言夏红脸跺脚。

    阮烟笑得都快躺下了,“好,本宫不问了,看来你们两个都很满意,那本宫可就放心了。”

    言夏、言秋脸越发红了。

    两人的婚事就这么定了,阮烟抱着送佛送到西的想法,托了娘家人当了媒人。

    两边人都十分满意,婚事也都各自定下来,言夏的婚事在明年正月,言秋在明年三月。

    这件事一解决,阮烟就了了一件心事。

    转眼间,不知不觉却是到了五月。

    五月初,双胞胎终于有了大名。

    大哭包起名为哈宜瑚,小哭包叫和卓。

    两个名字都是夸好看,而两个小格格也都的确不辜负她们的名字,越长越好看。

    五月份也发生了一件大事。

    蒙古的情况果真如同康熙所料。

    喀尔喀三部根本打不过狼子野心,谋划许久的噶尔丹,被打得抱头鼠窜。

    “察珲多尔济到现在写给朝廷的奏折还硬气着。”

    康熙冷笑一声,“朕就看他能撑多久。”

    这个察珲多尔济,阮烟隐约知道身份,好像是喀尔喀三部的土谢图汗部的可汗,相当于藩王了。

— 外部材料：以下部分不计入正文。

(* Let $0<m<L$, $\alpha>0$, and set $\kappa = L/m$. Suppose that $\delta \in \left[0, \tfrac{2}{\kappa+1}\right)$ and $\rho \geq \rho_\mathrm{GD}(\delta) := \max\big(1-(1-\delta)\alpha m,\ (1+\delta)\alpha L -1\big)$. If \[ \alpha \leq \frac{1}{1-\delta}\left( \frac{2}{L+m} - \frac{\delta}{m} \right) \quad\text{or}\quad \alpha \geq \frac{1}{1+\delta}\left( \frac{2}{L+m} + \frac{\delta}{L} \right), \] then there exists $c>0$ such that for every $f \in \mathcal{S}(m,L)$ (with reference point $x_\star$), every sequence $x(k)\in\mathbb{R}^n$ and every error sequence $e(k)\in\mathbb{R}^n$ satisfying, for all $k\ge 0$, \[ x(k+1) = x(k) - \alpha\big(\nabla f(x(k)) + e(k)\big), \qquad |e(k)| \leq \delta\, |\nabla f(x(k))|, \] we have $|x(k)-x_\star| \leq c\, \rho^k\, |x(0)-x_\star|$ for all $k \geq 0$.
   Context: For $0\le m<L$, $\mathcal{S}(m,L)$ denotes the set of $C^1$ functions $f:\mathbb{R}^n\to\mathbb{R}$ for which there is a reference point $x_\star\in\mathbb{R}^n$ such that for every $x\in\mathbb{R}^n$, $\langle m(x-x_\star) - \nabla f(x),\ L(x-x_\star) - \nabla f(x)\rangle \le 0$ (gradients bounded in the sector $[m,L]$ about $x_\star$). The constant $c$ may depend on $m,L,\alpha,\delta,\rho$ but not on $f$, $x$ or $e$. *)

theory Defs
  imports "HOL-Analysis.Analysis"
begin

definition is_C1_gradient :: "('a::euclidean_space \<Rightarrow> real) \<Rightarrow> ('a \<Rightarrow> 'a) \<Rightarrow> bool" where
  "is_C1_gradient f g \<longleftrightarrow>
     (\<forall>x. (f has_derivative (\<lambda>h. g x \<bullet> h)) (at x)) \<and> continuous_on UNIV g"

definition sector_class :: "real \<Rightarrow> real \<Rightarrow> ('a::euclidean_space \<Rightarrow> real) \<Rightarrow> ('a \<Rightarrow> 'a) \<Rightarrow> 'a \<Rightarrow> bool" where
  "sector_class m L f g xs \<longleftrightarrow> is_C1_gradient f g \<and>
     (\<forall>x. (m *\<^sub>R (x - xs) - g x) \<bullet> (L *\<^sub>R (x - xs) - g x) \<le> 0)"

definition rho_GD :: "real \<Rightarrow> real \<Rightarrow> real \<Rightarrow> real \<Rightarrow> real" where
  "rho_GD m L \<alpha> \<delta> = max (1 - (1 - \<delta>) * \<alpha> * m) ((1 + \<delta>) * \<alpha> * L - 1)"

end

theory Submission
  imports Defs
begin

(* Write y = x - xs and u = g x. The sector condition gives m |y| <= |u| <= L |y| and
   |y - \<alpha> u|^2 <= A |y|^2 + B |u|^2, where A + B q^2 is the quadratic in q that agrees with
   (1 - \<alpha> q)^2 at q = m and q = L. With the error term, one step therefore contracts |y| by at
   most sqrt (A + B q^2) + \<alpha> \<delta> q for some q in [m, L]. If A, B >= 0 this function of q is
   convex, so it is largest at an endpoint. Otherwise AB <= 0 and sqrt (A + B q^2) lies below its
   tangents; the two step-size conditions, with denominators cleared, say exactly that the
   tangent bound at q = m (small \<alpha>) resp. q = L (large \<alpha>) is again largest at that endpoint.
   At the endpoints the bound is |1 - \<alpha> q| + \<alpha> \<delta> q, and the larger of the two values is
   rho_GD. So every step contracts by rho_GD <= \<rho>, and c = 1 works. *)

lemma convex_on_sqrt_quadratic:
  fixes A B :: real
  assumes "0 \<le> A" "0 \<le> B"
  shows "convex_on UNIV (\<lambda>x. sqrt (A + B * x\<^sup>2))"
proof (rule convex_onI)
  fix x y u :: real
  assume u: "0 < u" "u < 1"
  define p where "p x = (sqrt A, sqrt B * x)" for x
  have norm_p: "norm (p x) = sqrt (A + B * x\<^sup>2)" for x
    using assms by (simp add: p_def norm_Pair power_mult_distrib)
  have "p ((1 - u) * x + u * y) = (1 - u) *\<^sub>R p x + u *\<^sub>R p y"
    by (simp add: p_def algebra_simps)
  then have "norm (p ((1 - u) * x + u * y)) \<le> (1 - u) * norm (p x) + u * norm (p y)"
    using u by (metis abs_of_nonneg less_eq_real_def diff_ge_0_iff_ge norm_scaleR norm_triangle_ineq)
  then show "sqrt (A + B * ((1 - u) *\<^sub>R x + u *\<^sub>R y)\<^sup>2) \<le> (1 - u) * sqrt (A + B * x\<^sup>2) + u * sqrt (A + B * y\<^sup>2)"
    by (simp add: norm_p)
qed simp

lemma sqrt_quadratic_plus_linear_le_max_endpoints:
  fixes A B c a b q s :: real
  assumes "0 \<le> A" "0 \<le> B" "0 \<le> c" "a \<le> q" "q \<le> b" "0 \<le> s" "s\<^sup>2 \<le> A + B * q\<^sup>2"
  shows "s + c * q \<le> max (sqrt (A + B * a\<^sup>2) + c * a) (sqrt (A + B * b\<^sup>2) + c * b)"
proof -
  let ?gain = "\<lambda>x. sqrt (A + B * x\<^sup>2) + c * x"
  have "convex_on UNIV (\<lambda>x. sqrt (A + B * x\<^sup>2))"
    using assms(1,2) by (rule convex_on_sqrt_quadratic)
  moreover have "convex_on UNIV (\<lambda>x. c * x)"
    using assms(3) by (intro convex_on_cmul) (simp_all add: convex_on_ident)
  ultimately have "convex_on {a..b} ?gain"
    by (intro convex_on_subset[OF convex_on_add]) auto
  then have "?gain q \<le> max (?gain a) (?gain b)"
    using assms(4,5) by (intro convex_on_le_max[where f = ?gain]) auto
  moreover have "s \<le> sqrt (A + B * q\<^sup>2)"
    using assms(7) by (rule real_le_rsqrt)
  ultimately show ?thesis
    by simp
qed

lemma sqrt_quadratic_le_tangent:
  fixes A B q t s :: real
  assumes "A * B \<le> 0" "0 \<le> q" "0 \<le> t" "0 \<le> s" "s\<^sup>2 \<le> A + B * q\<^sup>2" "0 < r" "r\<^sup>2 = A + B * t\<^sup>2"
  shows "s \<le> r + B * t / r * (q - t)"
proof -
  have "q * q \<le> t * q \<and> t * q \<le> t * t \<or> t * t \<le> t * q \<and> t * q \<le> q * q"
    using assms(2,3) by (cases "q \<le> t") (auto intro: mult_right_mono mult_left_mono)
  then have "B * (q * q) \<le> B * (t * q) \<or> B * (t * t) \<le> B * (t * q)"
    by (cases "0 \<le> B") (auto intro: mult_left_mono mult_left_mono_neg)
  then have tangent_nonneg: "0 \<le> A + B * t * q"
    using assms(4,5,7) by (smt (verit) mult.assoc power2_eq_square zero_le_power2)
  have "(s * r)\<^sup>2 \<le> (A + B * q\<^sup>2) * (A + B * t\<^sup>2)"
    unfolding power_mult_distrib assms(7)[symmetric] using assms(5) by (simp add: mult_right_mono)
  also have "\<dots> = (A + B * t * q)\<^sup>2 + A * B * (q - t)\<^sup>2"
    by (simp add: algebra_simps power2_eq_square)
  also have "\<dots> \<le> (A + B * t * q)\<^sup>2"
    using assms(1) by (simp add: mult_nonpos_nonneg)
  finally have "s * r \<le> A + B * t * q"
    using tangent_nonneg power2_le_imp_le by blast
  also have "\<dots> = (r + B * t / r * (q - t)) * r"
    using assms(6,7) by (simp add: field_simps power2_eq_square)
  finally show ?thesis
    using assms(6) by simp
qed

lemma sqrt_quadratic_plus_linear_le_at_tangent_point:
  fixes A B q t s c :: real
  assumes "A * B \<le> 0" "0 \<le> q" "0 \<le> t" "0 \<le> s" "s\<^sup>2 \<le> A + B * q\<^sup>2" "0 < r" "r\<^sup>2 = A + B * t\<^sup>2"
    and slope: "(q - t) * (B * t + c * r) \<le> 0"
  shows "s + c * q \<le> r + c * t"
proof -
  have "s + c * q \<le> r + B * t / r * (q - t) + c * q"
    using sqrt_quadratic_le_tangent[OF assms(1-7)] by simp
  also have "\<dots> = r + c * t + (q - t) * (B * t + c * r) / r"
    using assms(6) by (simp add: field_simps)
  also have "\<dots> \<le> r + c * t"
    using slope assms(6) by (simp add: divide_nonpos_pos)
  finally show ?thesis .
qed

lemma mult_nonpos_if_not_both_nonneg:
  fixes A B t :: real
  assumes "\<not> (0 \<le> A \<and> 0 \<le> B)" "0 \<le> A + B * t\<^sup>2" "t \<noteq> 0"
  shows "A * B \<le> 0"
proof (cases "A < 0")
  case True
  then have "0 < B * t\<^sup>2"
    using assms(2) by linarith
  then have "0 < B"
    using assms(3) by (simp add: zero_less_mult_iff)
  with True show ?thesis
    by (simp add: mult_nonpos_nonneg)
qed (use assms(1) in \<open>simp add: mult_nonneg_nonpos\<close>)

lemma rho_GD_eq_max_endpoint_gains:
  assumes "0 \<le> \<alpha>" "0 \<le> \<delta>" "\<delta> \<le> 1" "m \<le> L"
  shows "rho_GD m L \<alpha> \<delta> = max (\<bar>1 - \<alpha> * m\<bar> + \<alpha> * \<delta> * m) (\<bar>1 - \<alpha> * L\<bar> + \<alpha> * \<delta> * L)"
proof -
  have "\<alpha> * m \<le> \<alpha> * L" "\<alpha> * \<delta> * m \<le> \<alpha> * \<delta> * L"
    using assms by (auto intro: mult_left_mono)
  moreover have "\<alpha> * (L - m) * \<delta> \<le> \<alpha> * (L - m) * 1"
    using assms by (intro mult_left_mono) auto
  ultimately show ?thesis
    unfolding rho_GD_def by (auto simp: abs_if max_def algebra_simps)
qed

lemma small_step_tangent_slope:
  fixes m L \<alpha> \<delta> :: real
  assumes "0 < m" "m < L" "0 < \<alpha>" "\<delta> < 1"
    and "\<alpha> \<le> 1 / (1 - \<delta>) * (2 / (L + m) - \<delta> / m)"
  shows "\<alpha> * m < 1" "\<alpha> * (\<alpha> - 2 / (m + L)) * m + \<alpha> * \<delta> * (1 - \<alpha> * m) \<le> 0"
proof -
  have "\<alpha> * (1 - \<delta>) \<le> 2 / (L + m) - \<delta> / m"
    using assms(4,5) by (simp add: field_simps)
  then have "\<alpha> * (1 - \<delta>) * (m * (L + m)) \<le> (2 / (L + m) - \<delta> / m) * (m * (L + m))"
    using assms(1,2) by (intro mult_right_mono) auto
  also have "\<dots> = 2 * m - \<delta> * (L + m)"
    using assms(1,2) by (simp add: left_diff_distrib)
  finally have cleared: "\<alpha> * (1 - \<delta>) * m * (L + m) \<le> 2 * m - \<delta> * (L + m)"
    by (simp add: mult.assoc)
  have "(\<alpha> * m) * ((1 - \<delta>) * (L + m)) < 1 * ((1 - \<delta>) * (L + m))"
    using cleared assms(2) by (simp add: algebra_simps)
  then show "\<alpha> * m < 1"
    using assms by (simp add: mult_less_cancel_right)
  have "(\<alpha> * (\<alpha> - 2 / (m + L)) * m + \<alpha> * \<delta> * (1 - \<alpha> * m)) * (L + m)
      = \<alpha> * (\<alpha> * (1 - \<delta>) * m * (L + m) - (2 * m - \<delta> * (L + m)))"
    using assms by (simp add: field_simps)
  also have "\<dots> \<le> 0"
    using cleared assms(3) by (simp add: mult_nonneg_nonpos)
  finally show "\<alpha> * (\<alpha> - 2 / (m + L)) * m + \<alpha> * \<delta> * (1 - \<alpha> * m) \<le> 0"
    using assms by (simp add: mult_le_0_iff)
qed

lemma large_step_tangent_slope:
  fixes m L \<alpha> \<delta> :: real
  assumes "0 < m" "m < L" "0 < \<alpha>" "0 \<le> \<delta>"
    and "\<alpha> \<ge> 1 / (1 + \<delta>) * (2 / (L + m) + \<delta> / L)"
  shows "1 < \<alpha> * L" "0 \<le> \<alpha> * (\<alpha> - 2 / (m + L)) * L + \<alpha> * \<delta> * (\<alpha> * L - 1)"
proof -
  have "2 / (L + m) + \<delta> / L \<le> \<alpha> * (1 + \<delta>)"
    using assms(4,5) by (simp add: field_simps)
  then have "(2 / (L + m) + \<delta> / L) * (L * (L + m)) \<le> \<alpha> * (1 + \<delta>) * (L * (L + m))"
    using assms(1,2) by (intro mult_right_mono) auto
  moreover have "(2 / (L + m) + \<delta> / L) * (L * (L + m)) = 2 * L + \<delta> * (L + m)"
    using assms(1,2) by (simp add: distrib_right)
  ultimately have cleared: "2 * L + \<delta> * (L + m) \<le> \<alpha> * (1 + \<delta>) * L * (L + m)"
    by (simp add: mult.assoc)
  have "1 * ((1 + \<delta>) * (L + m)) < (\<alpha> * L) * ((1 + \<delta>) * (L + m))"
    using cleared assms(2) by (simp add: algebra_simps)
  then show "1 < \<alpha> * L"
    using assms by (simp add: mult_less_cancel_right)
  have "(\<alpha> * (\<alpha> - 2 / (m + L)) * L + \<alpha> * \<delta> * (\<alpha> * L - 1)) * (L + m)
      = \<alpha> * (\<alpha> * (1 + \<delta>) * L * (L + m) - (2 * L + \<delta> * (L + m)))"
    using assms by (simp add: field_simps)
  also have "0 \<le> \<dots>"
    using cleared assms(3) by simp
  finally show "0 \<le> \<alpha> * (\<alpha> - 2 / (m + L)) * L + \<alpha> * \<delta> * (\<alpha> * L - 1)"
    using assms by (simp add: zero_le_mult_iff)
qed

    阮烟疑惑不已地问道:“那万岁爷您要等什么时候才出手?”

    “不着急。”康熙如同稳坐钓鱼台一般,他抖了抖手上的钓鱼竿,将一条被钓起的鱼放到木桶里,道:“朕要等他们跪下来求朕,求大清帮忙,到那时候,他们才知道,谁是主,谁是奴。”

    阮烟很给面子地鼓了鼓掌。

    不明觉厉。

    她看了下木桶,道:“万岁爷,再多钓两条鱼吧,回头一条鱼清蒸,一条鱼红烧。”

    这御花园的鱼,她早就馋了许久了。

    一条条鱼又肥又胖,不吃实在可惜。

    康熙无奈地看了阮烟一眼,“这是锦鲤。”

    阮烟犹豫片刻,“那咱们吃一条试试。”

    康熙:“……”

    他沉默片刻后,还是留了一条。

    梁九功已经没眼看了。

    您就惯着吧。

    事实证明。

    御花园的鱼的确肥,御膳房拿这条鱼一半清蒸,一半红烧。

    那肉汁软嫩得叫阮烟后悔让其他的鱼给跑了。

    要不,回头让人去钓几条?

    阮烟蠢蠢欲动。

    康熙忍不住看了她一眼。

    阮烟仿佛有所察觉,仰起脸,露出一个温柔乖巧的笑容。

    康熙唇角抽搐。

    用罢晚膳,康熙批着奏折。

    他不知在看什么奏折,阮烟没打扰他,自己在旁边默默抄着宫规以备不时之需。

    烛火照应。

    书房内寂静无声,气氛十分温馨。

    康熙抬起头时,瞧见阮烟低头认真写字的模样,唇角不自觉勾起。

    等走到阮烟身旁,瞧见她写的内容时,笑容自动消失。

    “咳咳咳。”

    康熙抵着嘴唇咳嗽数声。

    阮烟动作一顿,抬起头露出一个笑脸,“万岁爷,您不看奏折了?”

    “看久了起来走动罢了。”康熙拿起阮烟抄的宫规,眉头一挑,“你这写的是什么?”

    “臣妾是想学而时习之,不亦乐乎。”阮烟乖巧地胡扯道:“您前几个月不是罚臣妾抄过吗?臣妾便想着最近无事,便抄一抄,也好体悟下万岁爷设立宫规的良苦用心?”

    “是吗?”康熙眉眼含笑,那眼神仿佛看穿了阮烟的小心思,“朕还以为你是怕以后还被罚,想先抄着留待后用呢。”

    阮烟一时语滞。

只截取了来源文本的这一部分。